20 maart 2019

Fruit telen bovenop een zoetwaterbel

Appels, peren en zwarte bessen. Daar draait het om in het bedrijf van Jan en Paula Rijk in het Zeeuwse Ovezande. Zijn vader had een akkerbouwbedrijf van ongeveer 30 hectare. Te weinig om te verdelen onder zijn twee zoons. Tenzij ze allebei zouden overstappen op fruit, en dat gebeurde. Beide broers wonen sindsdien op steenworp afstand van elkaar en kregen ieder de helft van de grond.

Jan: “In de loop van de tijd zijn we gegroeid van 15 hectare naar 20 hectare.“Voorheen teelden we ongeveer twee derde van ons areaal appels en een derde peren. Dat is inmiddels omgedraaid.” Jan was één van de eersten in Nederland die de Kanzi appel teelde. “In die tijd had er helaas nog weinig selectie plaatsgevonden. Na ruim zeven jaar moesten we de bomen alweer rooien vanwege fruitboom kanker.

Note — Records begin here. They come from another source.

theorem lemmaA5:
  fixes T :: "(real^'n::finite) set set" and K :: "(real^'n) set"
    and p :: nat and v :: "real^'n \<Rightarrow> real^'n"
  assumes "CARD('n) \<ge> 2"
    and "simplicial_mesh T" and "K \<in> T"
    and "v \<in> RTN p"
  shows "diameter K * L2norm K (divergence v)
         \<le> sqrt (2 * real CARD('n)) * shape_reg T * Cqd TYPE('n) (p + 1) * L2norm_vec K v"
proof -
  have simplex: "int CARD('n) simplex K"
    using assms(2,3) by (simp add: simplicial_mesh_def)
  then obtain a and L :: "real^'n \<Rightarrow> real^'n"
    where L: "linear L" "inj L" and K: "K = (\<lambda>x. a + L x) ` unit_simplex"
    by (rule simplex_eq_affine_image_unit_simplex)
  have local: "inball_diam K * L2norm K (divergence v)
      \<le> sqrt (2 * real CARD('n)) * Cqd TYPE('n) (p + 1) * L2norm_vec K v"
    using L K RTN_component_poly_fun[OF assms(4)] by (rule inball_diam_mult_L2norm_divergence_le)
  have diam: "diameter K \<le> shape_reg T * inball_diam K"
    using assms(2,3) inball_diam_pos[OF L K] by (rule diameter_le_shape_reg_mult_inball_diam)
  then have "0 \<le> shape_reg T * inball_diam K"
    using diameter_ge_0[OF polytope_imp_bounded[OF simplex_imp_polytope[OF simplex]]] by linarith
  then have "0 \<le> shape_reg T"
    using inball_diam_pos[OF L K] by (simp add: zero_le_mult_iff)
  have "diameter K * L2norm K (divergence v) \<le> shape_reg T * (inball_diam K * L2norm K (divergence v))"
    using mult_right_mono[OF diam L2norm_nonneg] by (simp add: mult.assoc)
  also have "\<dots> \<le> shape_reg T * (sqrt (2 * real CARD('n)) * Cqd TYPE('n) (p + 1) * L2norm_vec K v)"
    using local \<open>0 \<le> shape_reg T\<close> by (rule mult_left_mono)
  finally show ?thesis by (simp add: mult_ac)
qed

end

Daar zijn we dus meteen mee gestopt.” Dit voorbeeld tekent de problematiek van de ontwikkeling van goede nieuwe Nederlandse appelrassen.

 

Genoeg zoet water

Op de vraag of ze ook last hebben gehad van de aanhoudende droogte van afgelopen zomer, reageert Jan Rijkontkennend. Dat vraagt om uitleg. Hoewel steeds meer Zeeuwse telers te maken hebben met toenemende verzilting van het grondwater, kent Rijk dat probleem helemaal niet.

“Wij hebben onder één van de percelen een flinke zoetwaterbel. Daarmee kunnen we de hele zomer water geven.” Dat doet Rijk voornamelijk door middel van fertigatie en af en toe door extra te beregenen.

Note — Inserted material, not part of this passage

(* Let $H$ be a real Hilbert space, $I=\{1,\dots,M\}$, let $f_i,h_i,T_i$ ($i\in I$) satisfy Assumption (A1)–(A4) and the parameters satisfy Condition (C) (described below). Consider the sequences generated by the Distributed Accelerated Parallel Algorithm below, and assume that for each $i\in I$ the sequence $\{y^{(i)}_n\}$ is bounded. Then for each $i\in I$, $$\lim_{n\to\infty}\|z_n-y^{(i)}_n\|=\lim_{n\to\infty}\|x_n-y^{(i)}_n\|=\lim_{n\to\infty}\|T_i(x_n)-x_n\|=0.$$
   Context: Assumption (A1): each $f_i:H\to\mathbb{R}$ is continuous and convex. (A2): each $h_i:H\to\mathbb{R}$ is convex and Fréchet differentiable, and $\nabla h_i$ is $(1/L_i)$-Lipschitz continuous for some $L_i>0$. (A3): each $T_i:H\to H$ is firmly nonexpansive, i.e. $\|T_ix-T_iy\|^2\le\langle T_ix-T_iy,x-y\rangle$ for all $x,y$. (A4): $S=\bigcap_{i=1}^M\mathrm{Fix}\,T_i\neq\emptyset$ and, with $\psi=\sum_{i=1}^M(f_i+h_i)$, $\Omega=\{\hat x\in S:\psi(\hat x)=\min_{x\in S}\psi(x)\}\neq\emptyset$. Condition (C): $\{\theta_n\},\{\lambda_n\},\{\beta_n\},\{\alpha_n\}$ are decreasing real sequences converging to $0$ with $\theta_n\in[0,1)$, $\lambda_n\in(0,2\min_{i\in I}L_i]$, $\beta_n\in(0,1]$, $\alpha_n\in(0,1]$, and: (C1) $\sum_n\alpha_n=\infty$; (C2) $\lim_n\frac{1}{\alpha_{n+1}}\big|\frac{1}{\lambda_{n+1}}-\frac{1}{\lambda_n}\big|=0$; (C3) $\lim_n\frac{1}{\lambda_{n+1}}\big|1-\frac{\alpha_n}{\alpha_{n+1}}\big|=0$; (C4) $\lim_n\frac{\alpha_n}{\lambda_n}=0$; (C5) $\lim_n\frac{\theta_n}{\alpha_{n+1}\lambda_{n+1}}=0$; (C6) $\frac{\lambda_n}{\lambda_{n+1}}\le\sigma$ for some $\sigma\ge1$; (C7) $\lim_n\frac{\beta_n}{\alpha_{n+1}}=0$. $\mathrm{prox}_{\lambda g}(x)=\arg\min_y\{g(y)+\frac{1}{2\lambda}\|x-y\|^2\}$. Distributed Accelerated Parallel Algorithm: choose $z_0,x_0,x_1\in H$, $u^{(i)}\in H$ and set $d^{(i)}_1=-\nabla h_i(z_0)$ ($i\in I$). For $n=1,2,\dots$: compute $z_n=x_n+\theta_n(x_n-x_{n-1})$; for $i=1,\dots,M$ compute $d^{(i)}_{n+1}=-\nabla h_i(z_n)+\beta_nd^{(i)}_n$, $y^{(i)}_n=\mathrm{prox}_{\lambda_nf_i}(z_n+\lambda_nd^{(i)}_{n+1})$, $w^{(i+1)}_n=\alpha_nu^{(i)}+(1-\alpha_n)T_i(y^{(i)}_n)$; then set $x_{n+1}=\frac1M\sum_{i=1}^Mw^{(i+1)}_n$. *)

theory Defs
  imports "HOL-Analysis.Analysis"
begin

Vijf jaar geleden deed Rijk mee met het project GOFRESH, een initiatief van diverse instellingen om te kijken of zoet water tijdens perioden van wateroverschot in de ondergrond kan worden opgeslagen om het in droge perioden te kunnen gebruiken.

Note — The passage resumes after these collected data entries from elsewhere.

lemma hit_frequency_if_sparse_partial_sums:
  assumes x: "x \<in> lead_disc"
    and sparse: "\<And>i. eventually (\<lambda>l. (\<Sum>j<(l + 1) ^ 4. centred_hit j x)\<^sup>2 <
                   (real ((l + 1) ^ 4) / real (Suc i))\<^sup>2) sequentially"
  shows "(\<lambda>N. (\<Sum>j<N. indicator (hit j) x) / real N) \<longlonglongrightarrow> density"
proof -
  define S where "S N = (\<Sum>j<N. centred_hit j x)" for N
  have "(\<lambda>N. S N / real N) \<longlonglongrightarrow> 0"
  proof (rule tendsto_zero_if_fourth_powers)
    show "\<bar>S (Suc N) - S N\<bar> \<le> 1" for N
      using abs_centred_hit_le[of N x] x by (simp add: S_def indicator_def)
    show "eventually (\<lambda>l. \<bar>S ((l + 1) ^ 4)\<bar> < real ((l + 1) ^ 4) / real (Suc i)) sequentially" for i
      using sparse[of i]
    proof eventually_elim
      case (elim l)
      hence "\<bar>S ((l + 1) ^ 4)\<bar>\<^sup>2 < (real ((l + 1) ^ 4) / real (Suc i))\<^sup>2" by (simp add: S_def)
      thus ?case by (rule power_less_imp_less_base) simp
    qed
  qed
  hence "(\<lambda>N. S N / real N + density) \<longlonglongrightarrow> 0 + density" by (intro tendsto_add) auto
  moreover have "eventually (\<lambda>N. S N / real N + density = (\<Sum>j<N. indicator (hit j) x) / real N)
      sequentially"
    using eventually_gt_at_top[of 0]
    by eventually_elim (simp add: S_def centred_hit_inside[OF x] sum_subtractf field_simps)
  ultimately show ?thesis by (simp add: tendsto_cong)
qed

lemma AE_hit_frequency:
  "AE x in M. x \<in> lead_disc \<longrightarrow> (\<lambda>N. (\<Sum>j<N. indicator (hit j) x) / real N) \<longlonglongrightarrow> density"
proof -
  have "AE x in M. \<forall>i. eventually (\<lambda>l. (\<Sum>j<(l + 1) ^ 4. centred_hit j x)\<^sup>2 <
      (real ((l + 1) ^ 4) / real (Suc i))\<^sup>2) sequentially"
  proof (subst AE_all_countable, intro allI)
    fix i :: nat
    show "AE x in M. eventually (\<lambda>l. (\<Sum>j<(l + 1) ^ 4. centred_hit j x)\<^sup>2 <
        (real ((l + 1) ^ 4) / real (Suc i))\<^sup>2) sequentially"
      using AE_eventually_small_partial_sum[of "1 / real (Suc i)"] by simp
  qed
  thus ?thesis by eventually_elim (use hit_frequency_if_sparse_partial_sums in blast)
qed

end

section \<open>Almost sure equidistribution\<close>

context power_subseq
begin

lemma AE_hit_frequency_leading_digit:
  assumes c: "c \<in> C" "c \<noteq> 0" and m: "m \<ge> 1" and a: "a \<in> frac_ideal 0"
  shows "AE x in M. x \<in> vball (c * pi_pow (- m)) (1 - m) \<longrightarrow>
     (\<lambda>N. (\<Sum>j<N. indicator (power_hits \<alpha> (s j) a k) x) / real N) \<longlonglongrightarrow> real q powr (- real k)"
proof -
  interpret power_shell v prm C M \<alpha> s W "c * pi_pow (- m)" m a k
    using c m a v_mult[OF c(2) pi_pow_nonzero] v_C[OF c] by unfold_locales simp_all
  show ?thesis using AE_hit_frequency unfolding lead_disc_def hit_def density_def .
qed

lemma AE_all_hit_frequencies:
  "AE x in M. \<forall>m::nat. \<forall>k. \<forall>c\<in>C. \<forall>a\<in>coset_reps 0 k. c \<noteq> 0 \<longrightarrow>
     x \<in> vball (c * pi_pow (- int (Suc m))) (- int m) \<longrightarrow>
     (\<lambda>N. (\<Sum>j<N. indicator (power_hits \<alpha> (s j) a k) x) / real N) \<longlonglongrightarrow> real q powr (- real k)"
proof -
  have "AE x in M. c \<noteq> 0 \<longrightarrow> x \<in> vball (c * pi_pow (- int (Suc m))) (- int m) \<longrightarrow>
      (\<lambda>N. (\<Sum>j<N. indicator (power_hits \<alpha> (s j) a k) x) / real N) \<longlonglongrightarrow> real q powr (- real k)"
    if "c \<in> C" "a \<in> coset_reps 0 k" for m k c a
    using AE_hit_frequency_leading_digit[OF that(1) _ _ coset_reps_subset[OF that(2)], of "int (Suc m)"]
    by (cases "c = 0") simp_all
  thus ?thesis
    by (simp only: AE_all_countable AE_ball_countable[OF countable_finite[OF finite_C]]
        AE_ball_countable[OF countable_finite[OF finite_coset_reps]]) blast
qed

theorem AE_unif_distr_power_subseq:
  "AE x in M. absp v C x > 1 \<longrightarrow> unif_distr v C (\<lambda>n. intpart v prm C (\<alpha> * x ^ s (n - 1)))"
  using AE_all_hit_frequencies
proof eventually_elim
  case (elim x)
  show ?case
  proof
    assume "absp v C x > 1"
    hence x: "x \<noteq> 0" "v x < 0" using absp_gt_1_iff by auto
    define m where "m = nat (- v x) - 1"
    have m: "- int (Suc m) = v x" using x(2) by (simp add: m_def)
    have "x \<in> frac_ideal (- int (Suc m))" using m by (simp add: frac_ideal_def)
    then obtain c where c: "c \<in> C"
      "x - c * pi_pow (- int (Suc m)) \<in> frac_ideal (- int (Suc m) + 1)"
      using digit_ex1 by blast
    hence x_disc: "x \<in> vball (c * pi_pow (- int (Suc m))) (- int m)" by (simp add: mem_vball)
    have "c \<noteq> 0"
    proof
      assume "c = 0"
      hence "x \<in> frac_ideal (- int m)" using x_disc by (simp add: mem_vball)
      thus False using x m by (simp add: frac_ideal_def)
    qed
    show "unif_distr v C (\<lambda>n. intpart v prm C (\<alpha> * x ^ s (n - 1)))"
    proof (rule unif_distr_if_hit_frequencies)
      fix k a assume "a \<in> coset_reps 0 k"
      thus "(\<lambda>N. (\<Sum>j<N. indicator (power_hits \<alpha> (s j) a k) x) / real N) \<longlonglongrightarrow> real q powr (- real k)"
        using elim c(1) \<open>c \<noteq> 0\<close> x_disc by blast
    qed
  qed
qed

end

context local_field_haar
begin

lemma AE_unif_distr_powers_char_0:
  assumes char: "CHAR('a) = 0" and \<alpha>: "\<alpha> \<noteq> 0"
  shows "AE x in M. absp v C x > 1 \<longrightarrow> unif_distr v C (\<lambda>n. intpart v prm C (\<alpha> * x ^ n))"
proof -
  have nonzero: "(of_nat (Suc j) :: 'a) \<noteq> 0" for j
    unfolding of_nat_eq_0_iff_char_dvd char by simp
  interpret power_subseq v prm C M \<alpha> Suc "4 * max 0 (v (of_nat res_char))"
    using \<alpha> nonzero v_of_nat_le_sqrt_bound[OF _ nonzero]
    by unfold_locales (simp_all add: strict_mono_Suc_iff Suc_le_eq)
  have "unif_distr v C (\<lambda>n. intpart v prm C (\<alpha> * x ^ Suc (n - 1))) \<longleftrightarrow>
      unif_distr v C (\<lambda>n. intpart v prm C (\<alpha> * x ^ n))" for x
    by (rule unif_distr_cong) simp
  thus ?thesis using AE_unif_distr_power_subseq by simp
qed

lemma AE_unif_distr_powers_char_p:
  assumes char: "CHAR('a) = p" "p > 0" and \<alpha>: "\<alpha> \<noteq> 0"
  shows "AE x in M. absp v C x > 1 \<longrightarrow>
    unif_distr v C (\<lambda>m. intpart v prm C (\<alpha> * x ^ enumerate {n. n \<ge> 1 \<and> \<not> p dvd n} (m - 1)))"
proof -
  let ?S = "{n. n \<ge> 1 \<and> \<not> p dvd n}"
  have "infinite ?S"
    using char prime_CHAR_semidom[where 'a = 'a] by (intro infinite_not_dvd prime_gt_1_nat) simp
  hence S: "enumerate ?S j \<in> ?S" for j by (rule enumerate_in_set)
  have "(of_nat (enumerate ?S j) :: 'a) \<noteq> 0 \<and> v (of_nat (enumerate ?S j)) = 0" for j
    using v_of_nat_eq_0_if_not_dvd_char[OF char] S[of j] by simp
  then interpret power_subseq v prm C M \<alpha> "enumerate ?S" 0
    using \<alpha> S strict_mono_enumerate[OF \<open>infinite ?S\<close>] by unfold_locales simp_all
  show ?thesis by (rule AE_unif_distr_power_subseq)
qed

end

theorem theorem1p1:
  fixes v :: "'a::field \<Rightarrow> int" and prm :: 'a and C :: "'a set"
    and M :: "'a measure" and \<alpha> :: 'a
  assumes "nonarch_local_field v prm C"
    and "haar_p v C M"
    and "\<alpha> \<noteq> 0"
  shows "(CHAR('a) = 0 \<longrightarrow>
           (AE x in M. absp v C x > 1 \<longrightarrow>
              unif_distr v C (\<lambda>n. intpart v prm C (\<alpha> * x ^ n))))
       \<and> (\<forall>p. CHAR('a) = p \<and> p > 0 \<longrightarrow>
           (AE x in M. absp v C x > 1 \<longrightarrow>
              unif_distr v C (\<lambda>m. intpart v prm C
                 (\<alpha> * x ^ enumerate {n. n \<ge> 1 \<and> \<not> p dvd n} (m - 1)))))"
proof -
  interpret local_field_haar v prm C M
    using assms(1,2) by unfold_locales
  show ?thesis
    using AE_unif_distr_powers_char_0 AE_unif_distr_powers_char_p assms(3) by blast
qed

end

“Veel regenwater wordt in de winter afgevoerd, terwijl we dat in de zomer heel goed kunnen gebruiken. Vandaar dat het idee is ontstaan om dat water op te vangen in plaats van af te voeren.”

 

Freshmaker

Volgens Technisch Specialist Martin Tolhoek van Van Iperen kan dat, omdat in de ondergrond van de percelen van Rijk oude kreekruggen lopen. “Die hebben zich in de loop van de tijd met zand gevuld en zijn daardoor waterdoorlatend.” Rijk beschikte over een waterbel met een hoogte van ongeveer zeven meter. Door in de winterperiode via een put zoet water te infiltreren en tegelijkertijd het zoute water, dat zich onder de bel bevindt, weg te pompen, heeft hij de hoogte van de bel kunnen verhogen naar 15 meter! “Dit systeem wordt Freshmaker genoemd. Overal waar je een dergelijke ondergrond hebt en waar een minimale laag zoet water aanwezig is, kan deze techniek worden toegepast.”

 

Geen peren zonder fertigatie

Regelmatige analyses tonen aan dat het water uit de Freshmaker, mede dankzij filters in het systeem, perfect van Rijkkwaliteit is. Het water gebruikt Rijk voornamelijk via fertigatie. “Ik zou niet graag peren planten zonder de mogelijkheid van fertigatie. Voor peren is dat systeem echt perfect.” Martin: “Je geeft natuurlijk water en meststoffen in de juiste dosering op de plek waar het nodig is. Zo gaat er bijvoorbeeld stikstof mee en hebben we als het om fosfaat gaat voor een polyfosfaat gekozen. Die slaat niet neer en blijft daardoor beschikbaar voor de boom. Daarnaast is het voor de teler belangrijk dat je met dit systeem veel directer kunt reageren.”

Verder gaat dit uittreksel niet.